Authorities in Shanghai have ordered schoolchildren indoors and halted all construction as China's financial hub suffered one its worst bouts of air pollution.

Visibility was reduced to a few dozen metres, while flights were delayed and the city's spectacular skyline was obscured.

The financial district was shrouded in a yellow haze, and noticeably fewer people walked the city's streets. Vehicle traffic also was thinner, as authorities pulled 30% of government vehicles from the roads. They also banned fireworks and public sporting events.

"I feel like I'm living in clouds of smog," said Zheng Qiaoyun, a local resident who kept her six-month-old son at home. "I have a headache, I'm coughing, and it's hard to breathe on my way to my office."

Shanghai's concentration of tiny, harmful PM 2.5 particles reached 602.5 micrograms per cubic metre on Friday, an extremely hazardous level that was the highest since the city began recording such data last December. That compares with the World Health Organisation's safety guideline of 25 micrograms.
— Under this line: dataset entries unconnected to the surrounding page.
lemma antimono_tendsto_zero_from_sequence:
  fixes V :: "real \<Rightarrow> real" and s :: "nat \<Rightarrow> real"
  assumes antimono: "\<And>t u. 0 < t \<Longrightarrow> t \<le> u \<Longrightarrow> V u \<le> V t"
    and V_nonneg: "\<And>t. V t \<ge> 0"
    and s: "filterlim s at_top sequentially" and V_s: "(\<lambda>k. V (s k)) \<longlonglongrightarrow> 0"
  shows "(V \<longlongrightarrow> 0) at_top"
proof (rule order_tendstoI)
  fix \<epsilon> :: real assume "\<epsilon> > 0"
  then have "eventually (\<lambda>k. s k > 0 \<and> V (s k) < \<epsilon>) sequentially"
    using filterlim_at_top_dense[THEN iffD1, OF s] order_tendstoD(2)[OF V_s]
    by (auto intro: eventually_conj)
  then obtain k where "s k > 0" "V (s k) < \<epsilon>"
    unfolding eventually_sequentially by (meson order_refl)
  then have "\<forall>u\<ge>s k. V u < \<epsilon>"
    using antimono by (meson le_less_trans)
  then show "eventually (\<lambda>u. V u < \<epsilon>) at_top"
    unfolding eventually_at_top_linorder by blast
next
  fix \<epsilon> :: real assume "\<epsilon> < 0"
  then show "eventually (\<lambda>u. \<epsilon> < V u) at_top"
    using V_nonneg by (intro always_eventually allI) (rule less_le_trans)
qed

subsection \<open>The projected consensus flow\<close>

locale projected_consensus_flow =
  fixes X :: "'n::finite \<Rightarrow> (real^'r) set"
    and m :: "'n \<Rightarrow> nat"
    and A :: "'n \<Rightarrow> nat \<Rightarrow> real^'r"
    and b :: "'n \<Rightarrow> nat \<Rightarrow> real"
    and a :: "'n \<Rightarrow> 'n \<Rightarrow> real"
    and \<tau> :: real
    and x :: "'n \<Rightarrow> real \<Rightarrow> real^'r"
  assumes closedX: "\<And>i. closed (X i)"
    and convexX: "\<And>i. convex (X i)"
    and nonempty: "feasible_set X m A b \<noteq> {}"
    and a_nonneg: "\<And>i j. a i j \<ge> 0"
    and strong: "strongly_connected a"
    and tau_pos: "\<tau> > 0"
    and ode: "\<And>i t. t \<ge> 0 \<Longrightarrow>
      (x i has_vector_derivative
         ((\<Sum>j\<in>neighbours a i. a i j *\<^sub>R (x j t - x i t))
          - \<tau> *\<^sub>R (penalty_grad (m i) (A i) (b i) (x i t)
                      + (x i t - closest_point (X i) (x i t)))))
       (at t within {0..})"
begin

definition weights :: "'n \<Rightarrow> real" where
  "weights = (SOME p. (\<forall>i. p i > 0) \<and> (\<forall>j. (\<Sum>i\<in>UNIV. p i * a i j) = p j * (\<Sum>k\<in>UNIV. a j k)))"

lemma weights_pos: "weights i > 0"
  and weights_stationary: "(\<Sum>i\<in>UNIV. weights i * a i j) = weights j * (\<Sum>k\<in>UNIV. a j k)"
  using someI_ex[OF strongly_connected_balancing_weights[OF a_nonneg strong]]
  unfolding weights_def by blast+

definition drift :: "'n \<Rightarrow> real^'r \<Rightarrow> real^'r" where
  "drift i y = penalty_grad (m i) (A i) (b i) y + (y - closest_point (X i) y)"

definition violation :: "'n \<Rightarrow> real^'r \<Rightarrow> real" where
  "violation i y = (\<Sum>k<m i. (max (mat_row_app (A i) y k - b i k) 0)\<^sup>2)
                   + (norm (y - closest_point (X i) y))\<^sup>2"

definition dissipation :: "('n \<Rightarrow> real^'r) \<Rightarrow> real" where
  "dissipation y = (\<Sum>i\<in>UNIV. weights i *
     ((\<Sum>j\<in>UNIV. a i j * (norm (y j - y i))\<^sup>2) + 2 * \<tau> * violation i (y i)))"

lemma X_nonempty: "X i \<noteq> {}"
  using nonempty unfolding feasible_set_def by auto

lemma violation_nonneg: "violation i y \<ge> 0"
  unfolding violation_def by (intro add_nonneg_nonneg sum_nonneg) auto

lemma violation_eq_0_iff:
  "violation i y = 0 \<longleftrightarrow> y \<in> X i \<and> (\<forall>k<m i. mat_row_app (A i) y k - b i k \<le> 0)"
proof -
  have "violation i y = 0 \<longleftrightarrow>
      (\<forall>k\<in>{..<m i}. max (mat_row_app (A i) y k - b i k) 0 = 0) \<and> y = closest_point (X i) y"
    unfolding violation_def
    by (simp add: add_nonneg_eq_0_iff sum_nonneg sum_nonneg_eq_0_iff)
  also have "\<dots> \<longleftrightarrow> y \<in> X i \<and> (\<forall>k<m i. mat_row_app (A i) y k - b i k \<le> 0)"
    using closest_point_in_set[OF closedX X_nonempty, of i y] closest_point_self[of y "X i"]
    by (auto simp: max_def)
  finally show ?thesis .
qed

lemma dissipation_nonneg: "dissipation y \<ge> 0"
  unfolding dissipation_def using weights_pos a_nonneg tau_pos violation_nonneg
  by (intro sum_nonneg mult_nonneg_nonneg add_nonneg_nonneg) (auto simp: less_imp_le)

lemma dissipation_eq_0_imp:
  assumes "dissipation y = 0"
  shows dissipation_eq_0_imp_agreement: "(\<Sum>j\<in>UNIV. a i j * (norm (y j - y i))\<^sup>2) = 0"
    and dissipation_eq_0_imp_violation: "violation i (y i) = 0"
proof -
  have disagreement_nonneg: "0 \<le> (\<Sum>j\<in>UNIV. a i j * (norm (y j - y i))\<^sup>2)" for i
    using a_nonneg by (auto intro!: sum_nonneg)
  have summand_nonneg:
    "0 \<le> weights i * ((\<Sum>j\<in>UNIV. a i j * (norm (y j - y i))\<^sup>2) + 2 * \<tau> * violation i (y i))"
    for i
    using weights_pos[of i] disagreement_nonneg[of i] tau_pos violation_nonneg[of i "y i"] by simp
  have "weights i * ((\<Sum>j\<in>UNIV. a i j * (norm (y j - y i))\<^sup>2) + 2 * \<tau> * violation i (y i)) = 0"
    using assms summand_nonneg unfolding dissipation_def by (subst (asm) sum_nonneg_eq_0_iff) auto
  then have "(\<Sum>j\<in>UNIV. a i j * (norm (y j - y i))\<^sup>2) + 2 * \<tau> * violation i (y i) = 0"
    using weights_pos[of i] by simp
  then show "(\<Sum>j\<in>UNIV. a i j * (norm (y j - y i))\<^sup>2) = 0" "violation i (y i) = 0"
    using disagreement_nonneg[of i] tau_pos violation_nonneg[of i "y i"]
    by (simp_all add: add_nonneg_eq_0_iff)
qed

lemma dissipation_eq_0_imp_feasible_consensus:
  assumes "dissipation y = 0"
  shows "\<exists>c \<in> feasible_set X m A b. \<forall>i. y i = c"
proof -
  have edge: "y v = y u" if "a u v > 0" for u v
  proof -
    have "a u v * (norm (y v - y u))\<^sup>2 = 0"
      using dissipation_eq_0_imp_agreement[OF assms, of u] a_nonneg
      by (subst (asm) sum_nonneg_eq_0_iff) auto
    with that show ?thesis by simp
  qed
  have consensus: "y i = y j" for i j
    by (rule strongly_connected_propagate[OF strong, where P = "\<lambda>w. y w = y j" and i = j])
       (auto dest: edge)
  have "y j \<in> X i \<and> (\<forall>k<m i. mat_row_app (A i) (y j) k - b i k \<le> 0)" for i j
    using dissipation_eq_0_imp_violation[OF assms, of i] consensus[of i j]
      violation_eq_0_iff[of i "y i"] by simp
  then have "y j \<in> feasible_set X m A b" for j
    unfolding feasible_set_def by blast
  with consensus show ?thesis by blast
qed

lemma drift_inner_ge:
  assumes "z \<in> feasible_set X m A b"
  shows "violation i y \<le> (y - z) \<bullet> drift i y"
proof -
  have "z \<in> X i" and "\<forall>k<m i. mat_row_app (A i) z k \<le> b i k"
    using assms unfolding feasible_set_def by auto
  then show ?thesis
    unfolding violation_def drift_def inner_add_right
    by (intro add_mono penalty_grad_inner_ge closest_point_inner_ge[OF closedX convexX])
qed

definition velocity :: "'n \<Rightarrow> real \<Rightarrow> real^'r" where
  "velocity i t = (\<Sum>j\<in>UNIV. a i j *\<^sub>R (x j t - x i t)) - \<tau> *\<^sub>R drift i (x i t)"

lemma trajectory_has_derivative:
  assumes "t > 0"
  shows "(x i has_vector_derivative velocity i t) (at t)"
proof -
  have "(\<Sum>j\<in>neighbours a i. a i j *\<^sub>R v j) = (\<Sum>j\<in>UNIV. a i j *\<^sub>R v j)"
    for v :: "'n \<Rightarrow> real^'r"
    by (rule sum.mono_neutral_left) (use a_nonneg in \<open>auto simp: neighbours_def less_eq_real_def\<close>)
  then have "(x i has_vector_derivative velocity i t) (at t within {0..})"
    using ode[of t i] assms unfolding velocity_def drift_def by simp
  moreover have "at t within {0..} = at t"
    by (rule at_within_interior) (use assms interior_Ici[of "-1::real" 0] in auto)
  ultimately show ?thesis by simp
qed

definition lyapunov :: "real^'r \<Rightarrow> real \<Rightarrow> real" where
  "lyapunov z t = (\<Sum>i\<in>UNIV. weights i * (norm (x i t - z))\<^sup>2)"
The dirty air that has gripped Shanghai and its neighbouring provinces for days is attributed to coal burning, car exhausts, factory pollution and weather patterns, and is a stark reminder that pollution is a serious challenge in China.
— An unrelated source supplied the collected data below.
(* Let $\mathcal{A}$ be a finite list of elements of a finitely generated abelian group $\Gamma$, let $G$ be a torsion-wise finite abelian group, and suppose $\mathcal{A}\subset\Gamma_{\mathrm{tor}}$. Then $$T^G_{\mathcal{A}}(x,y)=\sum_{k=0}^{\#\mathcal{A}}\Bigg(\sum_{\substack{\mathcal{S}\subset\mathcal{A}\\ \#\mathcal{S}=k}}\#\mathcal{M}(\mathcal{A}/\mathcal{S};\Gamma_{\mathrm{tor}}/\langle\mathcal{S}\rangle,G)\Bigg)y^k.$$ In particular $T^G_{\mathcal{A}}(x,y)$ is a polynomial in $y$ alone whose coefficients are non-negative integers.
   Context: $G$ is torsion-wise finite if $G[d]=\{x\in G\mid dx=0\}$ is finite for all $d>0$. Sublists are distinguished by index. $r_{\mathcal{S}}$ is the rank of $\langle\mathcal{S}\rangle$, $m(\mathcal{S};G)=\#\mathrm{Hom}((\Gamma/\langle\mathcal{S}\rangle)_{\mathrm{tor}},G)$, $T^G_{\mathcal{A}}(x,y)=\sum_{\mathcal{S}\subset\mathcal{A}}m(\mathcal{S};G)(x-1)^{r_{\mathcal{A}}-r_{\mathcal{S}}}(y-1)^{\#\mathcal{S}-r_{\mathcal{S}}}$. For a list $\mathcal{B}$ in an abelian group $\Lambda$, $\mathcal{M}(\mathcal{B};\Lambda,G)=\mathrm{Hom}(\Lambda,G)\smallsetminus\bigcup_{\beta\in\mathcal{B}}\{\varphi\mid\varphi(\beta)=0\}$; the contraction $\mathcal{A}/\mathcal{S}$ is the list of cosets $\{\overline\alpha\mid\alpha\in\mathcal{A}\smallsetminus\mathcal{S}\}$ in $\Gamma_{\mathrm{tor}}/\langle\mathcal{S}\rangle$. *)

theory Defs
  imports "HOL-Algebra.Algebra"
begin

(* Abelian groups are HOL-Algebra groups (written multiplicatively). *)

definition tor :: "('a,'b) monoid_scheme \<Rightarrow> 'a set" where
  "tor G = {x \<in> carrier G. \<exists>n::nat. n > 0 \<and> x [^]\<^bsub>G\<^esub> n = \<one>\<^bsub>G\<^esub>}"

definition tor_group :: "('a,'b) monoid_scheme \<Rightarrow> ('a,'b) monoid_scheme" where
  "tor_group G = G\<lparr>carrier := tor G\<rparr>"

definition torsion_wise_finite :: "('a,'b) monoid_scheme \<Rightarrow> bool" where
  "torsion_wise_finite G \<longleftrightarrow>
     (\<forall>d::nat. d > 0 \<longrightarrow> finite {x \<in> carrier G. x [^]\<^bsub>G\<^esub> d = \<one>\<^bsub>G\<^esub>})"

definition finitely_generated :: "('a,'b) monoid_scheme \<Rightarrow> bool" where
  "finitely_generated G \<longleftrightarrow>
     (\<exists>Y. finite Y \<and> Y \<subseteq> carrier G \<and> generate G Y = carrier G)"

definition Z_lin_indep :: "('a,'b) monoid_scheme \<Rightarrow> 'a set \<Rightarrow> bool" where
  "Z_lin_indep G Y \<longleftrightarrow> finite Y \<and> Y \<subseteq> carrier G \<and>
     (\<forall>c :: 'a \<Rightarrow> int. finprod G (\<lambda>x. x [^]\<^bsub>G\<^esub> c x) Y = \<one>\<^bsub>G\<^esub>
         \<longrightarrow> (\<forall>x\<in>Y. c x = 0))"

definition rank_of :: "('a,'b) monoid_scheme \<Rightarrow> 'a set \<Rightarrow> nat" where
  "rank_of G H = Sup {card Y | Y. Y \<subseteq> H \<and> Z_lin_indep G Y}"

(* the set Hom(A,B) of homomorphisms, made extensional so it can be counted *)
definition Homs :: "('a,'b) monoid_scheme \<Rightarrow> ('c,'d) monoid_scheme \<Rightarrow> ('a \<Rightarrow> 'c) set" where
  "Homs A B = {f. f \<in> hom A B \<and> f \<in> extensional (carrier A)}"

(* a sublist of the list As is given by a set of indices *)
definition span_idx :: "('a,'b) monoid_scheme \<Rightarrow> 'a list \<Rightarrow> nat set \<Rightarrow> 'a set" where
  "span_idx \<Gamma> As S = generate \<Gamma> ((\<lambda>i. As ! i) ` S)"

definition m_mult :: "('a,'b) monoid_scheme \<Rightarrow> 'a list \<Rightarrow> nat set \<Rightarrow> ('c,'d) monoid_scheme \<Rightarrow> nat" where
  "m_mult \<Gamma> As S G = card (Homs (tor_group (\<Gamma> Mod span_idx \<Gamma> As S)) G)"

(* arithmetic Tutte polynomial T^G_A(x,y), evaluated in an arbitrary commutative ring *)
definition tutteG :: "('a,'b) monoid_scheme \<Rightarrow> 'a list \<Rightarrow> ('c,'d) monoid_scheme
    \<Rightarrow> 'r::comm_ring_1 \<Rightarrow> 'r \<Rightarrow> 'r" where
  "tutteG \<Gamma> As G x y =
     (\<Sum>S\<in>Pow {0..<length As}.
        of_nat (m_mult \<Gamma> As S G)
        * (x - 1) ^ (rank_of \<Gamma> (span_idx \<Gamma> As {0..<length As}) - rank_of \<Gamma> (span_idx \<Gamma> As S))
        * (y - 1) ^ (card S - rank_of \<Gamma> (span_idx \<Gamma> As S)))"

(* M(B;\<Lambda>,G) for B the list of cosets of the elements of As \ S in \<Lambda> = \<Gamma>_tor/<S> *)
definition M_contr :: "('a,'b) monoid_scheme \<Rightarrow> 'a list \<Rightarrow> nat set \<Rightarrow> ('c,'d) monoid_scheme
    \<Rightarrow> ('a set \<Rightarrow> 'c) set" where
  "M_contr \<Gamma> As S G =
     {\<phi> \<in> Homs (tor_group \<Gamma> Mod span_idx \<Gamma> As S) G.
        \<forall>i\<in>{0..<length As} - S. \<phi> (span_idx \<Gamma> As S #>\<^bsub>\<Gamma>\<^esub> (As ! i)) \<noteq> \<one>\<^bsub>G\<^esub>}"

end

theory Submission
  imports Defs
begin

text \<open>
  All list elements are torsion, so every \<open>\<langle>S\<rangle>\<close> has rank 0 and
  \<open>(\<Gamma>/\<langle>S\<rangle>)_tor = \<Gamma>_tor/\<langle>S\<rangle>\<close>; the Tutte polynomial collapses to
  \<open>\<Sum>_S m(S) (y - 1)^#S\<close>. A homomorphism \<open>\<Gamma>_tor/\<langle>S\<rangle> \<rightarrow> G\<close> is a homomorphism
  \<open>\<psi> : \<Gamma>_tor \<rightarrow> G\<close> vanishing on \<open>S\<close>, and it is counted in \<open>M(A/S)\<close> exactly when the
  set \<open>Z(\<psi>)\<close> of indices of list elements killed by \<open>\<psi>\<close> equals \<open>S\<close>. Hence both sides
  equal \<open>\<Sum>_\<psi> y^#Z(\<psi>)\<close>, a finite sum since \<open>\<Gamma>_tor\<close> is finite and the \<open>d\<close>-torsion of
  \<open>G\<close> is finite: on the left via \<open>\<Sum>_(S \<subseteq> Z) (y - 1)^#S = y^#Z\<close>, on the right by
  grouping the \<open>\<psi>\<close> according to \<open>Z(\<psi>)\<close>.
\<close>

context comm_group
begin

lemma tor_subgroup: "subgroup (tor G) G"
proof (rule subgroupI)
  show "tor G \<subseteq> carrier G" "tor G \<noteq> {}"
    unfolding tor_def by (auto intro!: exI[of _ "1::nat"])
next
  fix a assume "a \<in> tor G"
  then obtain n :: nat where "a \<in> carrier G" "n > 0" "a [^] n = \<one>" unfolding tor_def by blast
  then show "inv a \<in> tor G" unfolding tor_def by (auto simp: nat_pow_inv intro!: exI[of _ n])
next
  fix a b assume "a \<in> tor G" "b \<in> tor G"
  then obtain n k :: nat where a: "a \<in> carrier G" "n > 0" "a [^] n = \<one>"
    and b: "b \<in> carrier G" "k > 0" "b [^] k = \<one>"
    unfolding tor_def by blast
  have "(a \<otimes> b) [^] (n * k) = a [^] (n * k) \<otimes> b [^] (k * n)"
    using a b by (simp add: nat_pow_distrib mult.commute)
  also have "\<dots> = \<one>"
    using a b by (simp add: nat_pow_pow[symmetric])
  finally show "a \<otimes> b \<in> tor G" using a b unfolding tor_def by (auto intro!: exI[of _ "n * k"])
qed

lemma tor_subset_carrier: "tor G \<subseteq> carrier G"
  using subgroup.subset[OF tor_subgroup] .

lemma generate_insert_subset_cosets:
  assumes "y \<in> carrier G" "Y \<subseteq> carrier G"
  shows "generate G (insert y Y) \<subseteq> (\<Union>k::int. generate G Y #> y [^] k)"
proof
  fix t assume "t \<in> generate G (insert y Y)"
  then show "t \<in> (\<Union>k::int. generate G Y #> y [^] k)"
  proof (induction t rule: generate.induct)
    have gen: "subgroup (generate G Y) G" by (rule generate_is_subgroup[OF assms(2)])
    have pow_coset: "y [^] k \<in> generate G Y #> y [^] k" for k :: int
      by (rule rcos_self[OF _ gen]) (simp add: assms(1))
    have gen_coset: "g \<in> (\<Union>k::int. generate G Y #> y [^] k)" if "g \<in> generate G Y" for g
      using that gen by (auto intro: exI[of _ 0] simp: subgroup.subset)
    { case one show ?case by (rule gen_coset, rule generate.one) }
    { case (incl h)
      then consider "h = y" | "h \<in> Y" by blast
      then show ?case
      proof cases
        case 1 then show ?thesis using pow_coset[of 1] assms(1) by (auto intro: exI[of _ 1])
      qed (rule gen_coset, rule generate.incl) }
    { case (inv h)
      then consider "h = y" | "h \<in> Y" by blast
      then show ?case
      proof cases
        case 1 then show ?thesis using pow_coset[of "-1"] assms(1) by (auto simp: int_pow_neg intro: exI[of _ "-1"])
      qed (rule gen_coset, rule generate.inv) }
    { case (eng h1 h2)
      then obtain a b :: int where "h1 \<in> generate G Y #> y [^] a" "h2 \<in> generate G Y #> y [^] b" by blast
      then obtain g1 g2 where g: "g1 \<in> generate G Y" "g2 \<in> generate G Y"
        and h: "h1 = g1 \<otimes> y [^] a" "h2 = g2 \<otimes> y [^] b" unfolding r_coset_def by blast
      have "g1 \<in> carrier G" "g2 \<in> carrier G" using g subgroup.mem_carrier[OF gen] by auto
      then have "h1 \<otimes> h2 = (g1 \<otimes> g2) \<otimes> y [^] (a + b)"
        using h assms(1) by (simp add: int_pow_mult m_ac)
      moreover have "g1 \<otimes> g2 \<in> generate G Y" using g gen by (simp add: subgroup.m_closed)
      ultimately show ?case unfolding r_coset_def by blast }
  qed
qed

lemma finite_tor_inter_coset:
  assumes K: "subgroup K G" and fin: "finite (tor G \<inter> K)" and c: "c \<in> carrier G"
  shows "finite (tor G \<inter> (K #> c))"
proof (cases "tor G \<inter> (K #> c) = {}")
  case False
  then obtain t0 where t0: "t0 \<in> tor G" "t0 \<in> K #> c" by blast
  have t0c: "t0 \<in> carrier G" using t0 tor_subset_carrier by blast
  have "tor G \<inter> (K #> c) \<subseteq> (\<lambda>u. u \<otimes> t0) ` (tor G \<inter> K)"
  proof
    fix t assume t: "t \<in> tor G \<inter> (K #> c)"
    have tc: "t \<in> carrier G" using t tor_subset_carrier by blast
    have "K #> t = K #> t0"
      using t t0 c K by (metis IntD2 repr_independence)
    then have "t \<otimes> inv t0 \<in> K"
      using K tc t0c by (metis is_group rcos_self subgroup.rcos_module_imp)
    moreover have "t \<otimes> inv t0 \<in> tor G"
      using t t0 tor_subgroup by (simp add: subgroup.m_closed subgroup.m_inv_closed)
    moreover have "t = t \<otimes> inv t0 \<otimes> t0" using tc t0c by (simp add: m_assoc)
    ultimately show "t \<in> (\<lambda>u. u \<otimes> t0) ` (tor G \<inter> K)" by blast
  qed
  then show ?thesis by (rule finite_surj[OF fin])
qed simp

lemma r_coset_int_pow_mod:
  assumes K: "subgroup K G" and y: "y \<in> carrier G" and m: "y [^] m \<in> K"
  shows "K #> y [^] (k::int) = K #> y [^] (k mod m)"
proof -
  have "y [^] k = y [^] (m * (k div m) + k mod m)" by simp
  also have "\<dots> = (y [^] m) [^] (k div m) \<otimes> y [^] (k mod m)"
    using y by (simp add: int_pow_pow flip: int_pow_mult)
  finally have "K #> y [^] k = (K #> (y [^] m) [^] (k div m)) #> y [^] (k mod m)"
    using y subgroup.subset[OF K] by (simp add: coset_mult_assoc)
  also have "K #> (y [^] m) [^] (k div m) = K"
    using y m by (simp add: coset_join2[OF _ K] subgroup_int_pow_closed[OF K])
  finally show ?thesis .
qed

lemma finite_tor_inter_cosets_of_periodic:
  assumes K: "subgroup K G" and finK: "finite (tor G \<inter> K)"
    and y: "y \<in> carrier G" and m: "m > 0" "y [^] (m::int) \<in> K"
  shows "finite (tor G \<inter> (\<Union>k::int. K #> y [^] k))"
proof -
  have "tor G \<inter> (\<Union>k::int. K #> y [^] k) \<subseteq> (\<Union>j\<in>{0..<m}. tor G \<inter> (K #> y [^] j))"
  proof
    fix t assume "t \<in> tor G \<inter> (\<Union>k::int. K #> y [^] k)"
    then obtain k :: int where "t \<in> tor G" "t \<in> K #> y [^] (k mod m)"
      using r_coset_int_pow_mod[OF K y m(2)] by auto
    moreover have "k mod m \<in> {0..<m}" using m(1) by simp
    ultimately show "t \<in> (\<Union>j\<in>{0..<m}. tor G \<inter> (K #> y [^] j))" by blast
  qed
  moreover have "finite (\<Union>j\<in>{0..<m}. tor G \<inter> (K #> y [^] j))"
    using y by (intro finite_UN_I finite_tor_inter_coset[OF K finK]) auto
  ultimately show ?thesis by (rule finite_subset)
qed

lemma tor_inter_cosets_of_aperiodic:
  assumes K: "subgroup K G" and y: "y \<in> carrier G"
    and aperiodic: "\<And>k::int. y [^] k \<in> K \<Longrightarrow> k = 0"
  shows "tor G \<inter> (\<Union>k::int. K #> y [^] k) \<subseteq> K"
proof
  fix t assume t: "t \<in> tor G \<inter> (\<Union>k::int. K #> y [^] k)"
  then obtain k :: int and g where g: "g \<in> K" "t = g \<otimes> y [^] k"
    unfolding r_coset_def by blast
  have gc: "g \<in> carrier G" using subgroup.mem_carrier[OF K g(1)] .
  obtain n :: nat where n: "n > 0" "t [^] n = \<one>" using t unfolding tor_def by blast
  have "(y [^] k) [^] n = y [^] (k * int n)"
    using int_pow_pow[OF y, of k "int n"] by (simp add: int_pow_int)
  then have "g [^] n \<otimes> y [^] (k * int n) = \<one>"
    using n g gc y by (simp add: nat_pow_distrib)
  then have "inv (y [^] (k * int n)) = g [^] n"
    using gc y by (intro inv_equality) auto
  then have "y [^] (k * int n) = inv (g [^] n)"
    using y by (metis inv_inv int_pow_closed)
  then have "y [^] (k * int n) \<in> K"
    using subgroup_int_pow_closed[OF K g(1), of "int n"]
    by (simp add: subgroup.m_inv_closed[OF K] int_pow_int)
  then have "k * int n = 0" by (rule aperiodic)
  then have "k = 0" using n(1) by simp
  then show "t \<in> K" using g gc by simp
qed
Beijing, the capital, has seen extremely heavy smog several times over the past year. In the far north-eastern city of Harbin, some monitoring sites reported PM 2.5 rates up to 1,000 micrograms per cubic metre in October, when the winter heating season kicked off.

The environmental group Greenpeace said slow-moving and low-hanging air masses had carried factory emissions from Jiangsu, Anhui and Shandong provinces to Shanghai. But it said the root problem lies with the excessive industrial emissions in the region, including Zhejiang province to the south.